The DBpedia Lookup can be used to index and search the contents of RDF files or databases.
The search engine is based on the Lucene framework. RDF parsing and SPARQL querying is utilizing the Apache Jena framework, thus supporting a wide range of RDF formats.
The general idea behind this indexer is leveraging the power of the SPARQL query language to select specific key-value pairs from a knowledge graph and add them to a inverse index. A user can then search over values and quickly retreive associated keys using fuzzy matching.
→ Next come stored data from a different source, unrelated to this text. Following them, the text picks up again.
(* Let $a,b>0$ be linearly dependent over $\mathbb{Q}$. Then there is a smooth function $h$ with Taylor expansion at the origin of the form $h(x,y)=a^2x^2+b^2y^2+\sum_{m+n\ge3}h_{m,n}x^my^n$ such that the equation $z_x^2+z_y^2=h$ has no solution $z$ of the form $z(x,y)=\frac12(ax^2-by^2)+\sum_{m+n\ge3}z_{m,n}x^my^n$. In particular, if $m,n$ are positive integers with $ma-nb=0$ and $m+n\ge4$ and $c\ne0$, then for $h=a^2x^2+b^2y^2+cx^my^n$ the equation $z_x^2+z_y^2=h$ has no solution of that form in formal power series, and no such $C^k$ solution for $k\ge m+n$. *)

theory Defs
  imports "HOL-Analysis.Analysis"
begin

definition px :: "(real \<times> real \<Rightarrow> real) \<Rightarrow> real \<times> real \<Rightarrow> real" where
  "px f = (\<lambda>(x, y). deriv (\<lambda>t. f (t, y)) x)"

definition py :: "(real \<times> real \<Rightarrow> real) \<Rightarrow> real \<times> real \<Rightarrow> real" where
  "py f = (\<lambda>(x, y). deriv (\<lambda>t. f (x, t)) y)"

fun Ck :: "nat \<Rightarrow> (real \<times> real \<Rightarrow> real) \<Rightarrow> (real \<times> real) set \<Rightarrow> bool" where
  "Ck 0 f S = continuous_on S f"
| "Ck (Suc k) f S = (f differentiable_on S \<and> Ck k (px f) S \<and> Ck k (py f) S)"

definition smooth_on :: "(real \<times> real \<Rightarrow> real) \<Rightarrow> (real \<times> real) set \<Rightarrow> bool" where
  "smooth_on f S = (\<forall>k. Ck k f S)"

definition taylor_coeff :: "(real \<times> real \<Rightarrow> real) \<Rightarrow> nat \<Rightarrow> nat \<Rightarrow> real" where
  "taylor_coeff f m n = ((px ^^ m) ((py ^^ n) f)) (0, 0) / (fact m * fact n)"

text \<open>Formal power series in two variables as coefficient arrays.\<close>
definition conv2 :: "(nat \<Rightarrow> nat \<Rightarrow> real) \<Rightarrow> (nat \<Rightarrow> nat \<Rightarrow> real) \<Rightarrow> nat \<Rightarrow> nat \<Rightarrow> real" where
  "conv2 f g p q = (\<Sum>i\<le>p. \<Sum>j\<le>q. f i j * g (p - i) (q - j))"

definition fdx :: "(nat \<Rightarrow> nat \<Rightarrow> real) \<Rightarrow> nat \<Rightarrow> nat \<Rightarrow> real" where
  "fdx z i j = real (i + 1) * z (i + 1) j"

definition fdy :: "(nat \<Rightarrow> nat \<Rightarrow> real) \<Rightarrow> nat \<Rightarrow> nat \<Rightarrow> real" where
  "fdy z i j = real (j + 1) * z i (j + 1)"

definition h_low :: "real \<Rightarrow> real \<Rightarrow> nat \<Rightarrow> nat \<Rightarrow> real" where
  "h_low a b i j = (if (i, j) = (2, 0) then a^2 else if (i, j) = (0, 2) then b^2 else 0)"

definition z_low :: "real \<Rightarrow> real \<Rightarrow> nat \<Rightarrow> nat \<Rightarrow> real" where
  "z_low a b i j = (if (i, j) = (2, 0) then a / 2 else if (i, j) = (0, 2) then - b / 2 else 0)"

end

(* Write P = z_x and Q = z_y. Differentiating z_x^2 + z_y^2 = h gives X P = h_x / 2 and
   X Q = h_y / 2 for the vector field X = P d/dx + Q d/dy, whose linear part diag(a, -b) is
   resonant because m a = n b. In the coordinates xi = P + a x ~ 2 a x and eta = Q - b y ~ -2 b y
   the field X acts on xi^i eta^j as multiplication by i a - j b up to higher order terms.
   Expanding Q + b y in these monomials shows that X Q - b^2 y has no x^m y^(n-1) term, whereas
   for h = a^2 x^2 + b^2 y^2 + c x^m y^n that coefficient is n c / 2. For a C^k solution,
   k >= m + n, the same computation is carried out on Taylor coefficients at the origin; the one
   coefficient that lies beyond the smoothness of z is reached because z_x and z_y vanish there. *)

theory Submission
  imports Defs "HOL-Computational_Algebra.Formal_Power_Series"
begin

section \<open>Formal power series in two variables\<close>

text \<open>A series in \<open>x\<close> and \<open>y\<close> is a power series in \<open>y\<close> whose coefficients are power series
  in \<open>x\<close>; so \<^const>\<open>fps_deriv\<close> is the derivative in \<open>y\<close>.\<close>

type_synonym fps2 = "real fps fps"

definition coeff2 :: "fps2 \<Rightarrow> nat \<Rightarrow> nat \<Rightarrow> real" where
  "coeff2 F i j = fps_nth (fps_nth F j) i"

definition fps2_of :: "(nat \<Rightarrow> nat \<Rightarrow> real) \<Rightarrow> fps2" where
  "fps2_of c = Abs_fps (\<lambda>j. Abs_fps (\<lambda>i. c i j))"

definition fps2_dx :: "fps2 \<Rightarrow> fps2" where
  "fps2_dx F = Abs_fps (\<lambda>j. fps_deriv (fps_nth F j))"

abbreviation fps2_dy :: "fps2 \<Rightarrow> fps2" where
  "fps2_dy \<equiv> fps_deriv"

definition fps2_const :: "real \<Rightarrow> fps2" where
  "fps2_const c = fps_const (fps_const c)"

definition fps2_X :: fps2 where
  "fps2_X = fps_const fps_X"

definition fps2_Y :: fps2 where
  "fps2_Y = fps_X"

lemma coeff2_fps2_of [simp]: "coeff2 (fps2_of c) i j = c i j"
  by (simp add: coeff2_def fps2_of_def)

lemma fps2_eqI: "(\<And>i j. coeff2 F i j = coeff2 G i j) \<Longrightarrow> F = G"
  by (simp add: coeff2_def fps_ext)

lemma coeff2_fps2_dx [simp]: "coeff2 (fps2_dx F) i j = real (Suc i) * coeff2 F (Suc i) j"
  by (simp add: coeff2_def fps2_dx_def)

lemma coeff2_fps2_dy [simp]: "coeff2 (fps2_dy F) i j = real (Suc j) * coeff2 F i (Suc j)"
proof -
  have "(of_nat (Suc j) * fps_nth F (Suc j) :: real fps) = fps_const (of_nat (Suc j)) * fps_nth F (Suc j)"
    by (simp only: fps_of_nat)
  then show ?thesis
    by (simp only: coeff2_def fps_deriv_nth fps_mult_left_const_nth Suc_eq_plus1)
qed

lemma coeff2_add [simp]: "coeff2 (F + G) i j = coeff2 F i j + coeff2 G i j"
  by (simp add: coeff2_def)

lemma coeff2_diff [simp]: "coeff2 (F - G) i j = coeff2 F i j - coeff2 G i j"
  by (simp add: coeff2_def)

lemma coeff2_zero [simp]: "coeff2 0 i j = 0"
  by (simp add: coeff2_def)

lemma coeff2_one [simp]: "coeff2 1 i j = (if i = 0 \<and> j = 0 then 1 else 0)"
  by (simp add: coeff2_def)

lemma coeff2_sum: "coeff2 (sum F S) i j = (\<Sum>k\<in>S. coeff2 (F k) i j)"
  by (induction S rule: infinite_finite_induct) (auto simp: coeff2_def)

lemma coeff2_mult:
  "coeff2 (F * G) p q = (\<Sum>j\<le>q. \<Sum>i\<le>p. coeff2 F i j * coeff2 G (p - i) (q - j))"
  by (simp add: coeff2_def fps_mult_nth fps_sum_nth atLeast0AtMost)

lemma coeff2_fps2_of_mult: "coeff2 (fps2_of f * fps2_of g) p q = conv2 f g p q"
  by (simp add: coeff2_mult conv2_def sum.swap[of _ "{..q}"])

lemma coeff2_const [simp]: "coeff2 (fps2_const c) i j = (if i = 0 \<and> j = 0 then c else 0)"
  by (simp add: coeff2_def fps2_const_def)

lemma coeff2_const_mult [simp]: "coeff2 (fps2_const c * F) i j = c * coeff2 F i j"
  by (simp add: coeff2_def fps2_const_def fps_mult_left_const_nth)

lemma fps2_const_0 [simp]: "fps2_const 0 = 0"
  by (simp add: fps2_const_def)

lemma fps2_const_1 [simp]: "fps2_const 1 = 1"
  by (simp add: fps2_const_def)

lemma fps2_const_add: "fps2_const (c + d) = fps2_const c + fps2_const d"
  by (simp add: fps2_const_def)

lemma fps2_const_uminus: "fps2_const (- c) = - fps2_const c"
  by (simp add: fps2_const_def)

lemma fps2_const_diff: "fps2_const (c - d) = fps2_const c - fps2_const d"
  by (simp add: fps2_const_def)

lemma fps2_const_mult: "fps2_const (c * d) = fps2_const c * fps2_const d"
  by (simp add: fps2_const_def)

lemma fps2_const_power: "fps2_const (c ^ k) = fps2_const c ^ k"
  by (simp add: fps2_const_def fps_const_power)

lemma coeff2_X_power_Y_power:
  "coeff2 (fps2_X ^ i * fps2_Y ^ j) p q = (if p = i \<and> q = j then 1 else 0)"
  by (simp add: coeff2_def fps2_X_def fps2_Y_def fps_const_power fps_mult_left_const_nth
      fps_X_power_nth)

lemma coeff2_X [simp]: "coeff2 fps2_X p q = (if p = 1 \<and> q = 0 then 1 else 0)"
  using coeff2_X_power_Y_power[of 1 0 p q] by simp

lemma coeff2_Y [simp]: "coeff2 fps2_Y p q = (if p = 0 \<and> q = 1 then 1 else 0)"
  using coeff2_X_power_Y_power[of 0 1 p q] by simp

lemma fps2_dx_mult: "fps2_dx (F * G) = fps2_dx F * G + F * fps2_dx G"
proof (rule fps_ext)
  fix j
  show "fps_nth (fps2_dx (F * G)) j = fps_nth (fps2_dx F * G + F * fps2_dx G) j"
    by (simp add: fps2_dx_def fps_mult_nth fps_deriv_sum fps_deriv_mult sum.distrib add.commute)
qed

lemma fps2_dx_add [simp]: "fps2_dx (F + G) = fps2_dx F + fps2_dx G"
  by (rule fps2_eqI) (simp add: algebra_simps)

lemma fps2_dx_diff [simp]: "fps2_dx (F - G) = fps2_dx F - fps2_dx G"
  by (rule fps2_eqI) (simp add: algebra_simps)

lemma fps2_dx_const [simp]: "fps2_dx (fps2_const c) = 0"
  by (rule fps2_eqI) simp

lemma fps2_dx_zero [simp]: "fps2_dx 0 = 0"
  by (rule fps2_eqI) simp

lemma fps2_dx_one [simp]: "fps2_dx 1 = 0"
  by (rule fps2_eqI) simp

lemma fps2_dx_X [simp]: "fps2_dx fps2_X = 1"
  by (rule fps2_eqI) simp

lemma fps2_dx_Y [simp]: "fps2_dx fps2_Y = 0"
  by (rule fps2_eqI) simp

lemma fps2_dy_const [simp]: "fps2_dy (fps2_const c) = 0"
  by (simp add: fps2_const_def)

lemma fps2_dy_X [simp]: "fps2_dy fps2_X = 0"
  by (simp add: fps2_X_def)

lemma fps2_dy_Y [simp]: "fps2_dy fps2_Y = 1"
  by (simp add: fps2_Y_def)

lemma fps2_dx_dy_commute: "fps2_dx (fps2_dy F) = fps2_dy (fps2_dx F)"
  by (rule fps2_eqI) (simp add: algebra_simps)

definition lie_deriv :: "fps2 \<Rightarrow> fps2 \<Rightarrow> fps2 \<Rightarrow> fps2" where
  "lie_deriv P Q G = P * fps2_dx G + Q * fps2_dy G"

lemma lie_deriv_mult: "lie_deriv P Q (F * G) = lie_deriv P Q F * G + F * lie_deriv P Q G"
  by (simp add: lie_deriv_def fps2_dx_mult fps_deriv_mult algebra_simps)

lemma lie_deriv_add: "lie_deriv P Q (F + G) = lie_deriv P Q F + lie_deriv P Q G"
  by (simp add: lie_deriv_def algebra_simps)

lemma lie_deriv_diff: "lie_deriv P Q (F - G) = lie_deriv P Q F - lie_deriv P Q G"
  by (simp add: lie_deriv_def algebra_simps)

lemma lie_deriv_const_mult: "lie_deriv P Q (fps2_const c * G) = fps2_const c * lie_deriv P Q G"
  by (simp add: lie_deriv_def algebra_simps fps2_dx_mult fps_deriv_mult)

lemma lie_deriv_zero [simp]: "lie_deriv P Q 0 = 0"
  by (simp add: lie_deriv_def)

lemma lie_deriv_one [simp]: "lie_deriv P Q 1 = 0"
  by (simp add: lie_deriv_def)

lemma lie_deriv_X: "lie_deriv P Q fps2_X = P"
  by (simp add: lie_deriv_def)

lemma lie_deriv_Y: "lie_deriv P Q fps2_Y = Q"
  by (simp add: lie_deriv_def)

lemma lie_deriv_sum: "lie_deriv P Q (sum F S) = (\<Sum>k\<in>S. lie_deriv P Q (F k))"
  by (induction S rule: infinite_finite_induct) (auto simp: lie_deriv_add)

lemma fps2_dx_sum_squares:
  assumes "fps2_dx Q = fps2_dy P"
  shows "fps2_dx (P * P + Q * Q) = fps2_const 2 * lie_deriv P Q P"
  using assms by (simp add: fps2_dx_mult lie_deriv_def fps2_const_add[of 1 1, simplified]
      algebra_simps)

lemma fps2_dy_sum_squares:
  assumes "fps2_dx Q = fps2_dy P"
  shows "fps2_dy (P * P + Q * Q) = fps2_const 2 * lie_deriv P Q Q"
  using assms by (simp add: fps_deriv_mult lie_deriv_def fps2_const_add[of 1 1, simplified]
      algebra_simps)

definition ord_ge :: "nat \<Rightarrow> fps2 \<Rightarrow> bool" where
  "ord_ge d F \<longleftrightarrow> (\<forall>i j. i + j < d \<longrightarrow> coeff2 F i j = 0)"

lemma ord_ge_0 [simp]: "ord_ge 0 F"
  by (simp add: ord_ge_def)

lemma ord_ge_zero [simp]: "ord_ge d 0"
  by (simp add: ord_ge_def)

lemma ord_ge_mono: "ord_ge d F \<Longrightarrow> e \<le> d \<Longrightarrow> ord_ge e F"
  by (simp add: ord_ge_def)

lemma ord_ge_add: "ord_ge d F \<Longrightarrow> ord_ge d G \<Longrightarrow> ord_ge d (F + G)"
  by (simp add: ord_ge_def)

lemma ord_ge_diff: "ord_ge d F \<Longrightarrow> ord_ge d G \<Longrightarrow> ord_ge d (F - G)"
  by (simp add: ord_ge_def)

lemma ord_ge_const_mult: "ord_ge d F \<Longrightarrow> ord_ge d (fps2_const c * F)"
  by (simp add: ord_ge_def)

lemma ord_ge_sum: "(\<And>k. k \<in> S \<Longrightarrow> ord_ge d (F k)) \<Longrightarrow> ord_ge d (sum F S)"
  by (simp add: ord_ge_def coeff2_sum)

lemma ord_ge_X: "ord_ge 1 fps2_X"
  by (simp add: ord_ge_def)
In order to create a meaningful index structure, it is important to have a rough understanding of the knowledge graph being indexed and to design the SPARQL queries accordingly.
A Lucene index can be understood as a collection of documents. Each document has a unique ID and can have multiple fields with one or more values each. The document collection is indexed in a way that documents can be found by searching over the values of all or only some fields. The lookup indexer handles the process of converting a knowledge graph into such a document collection.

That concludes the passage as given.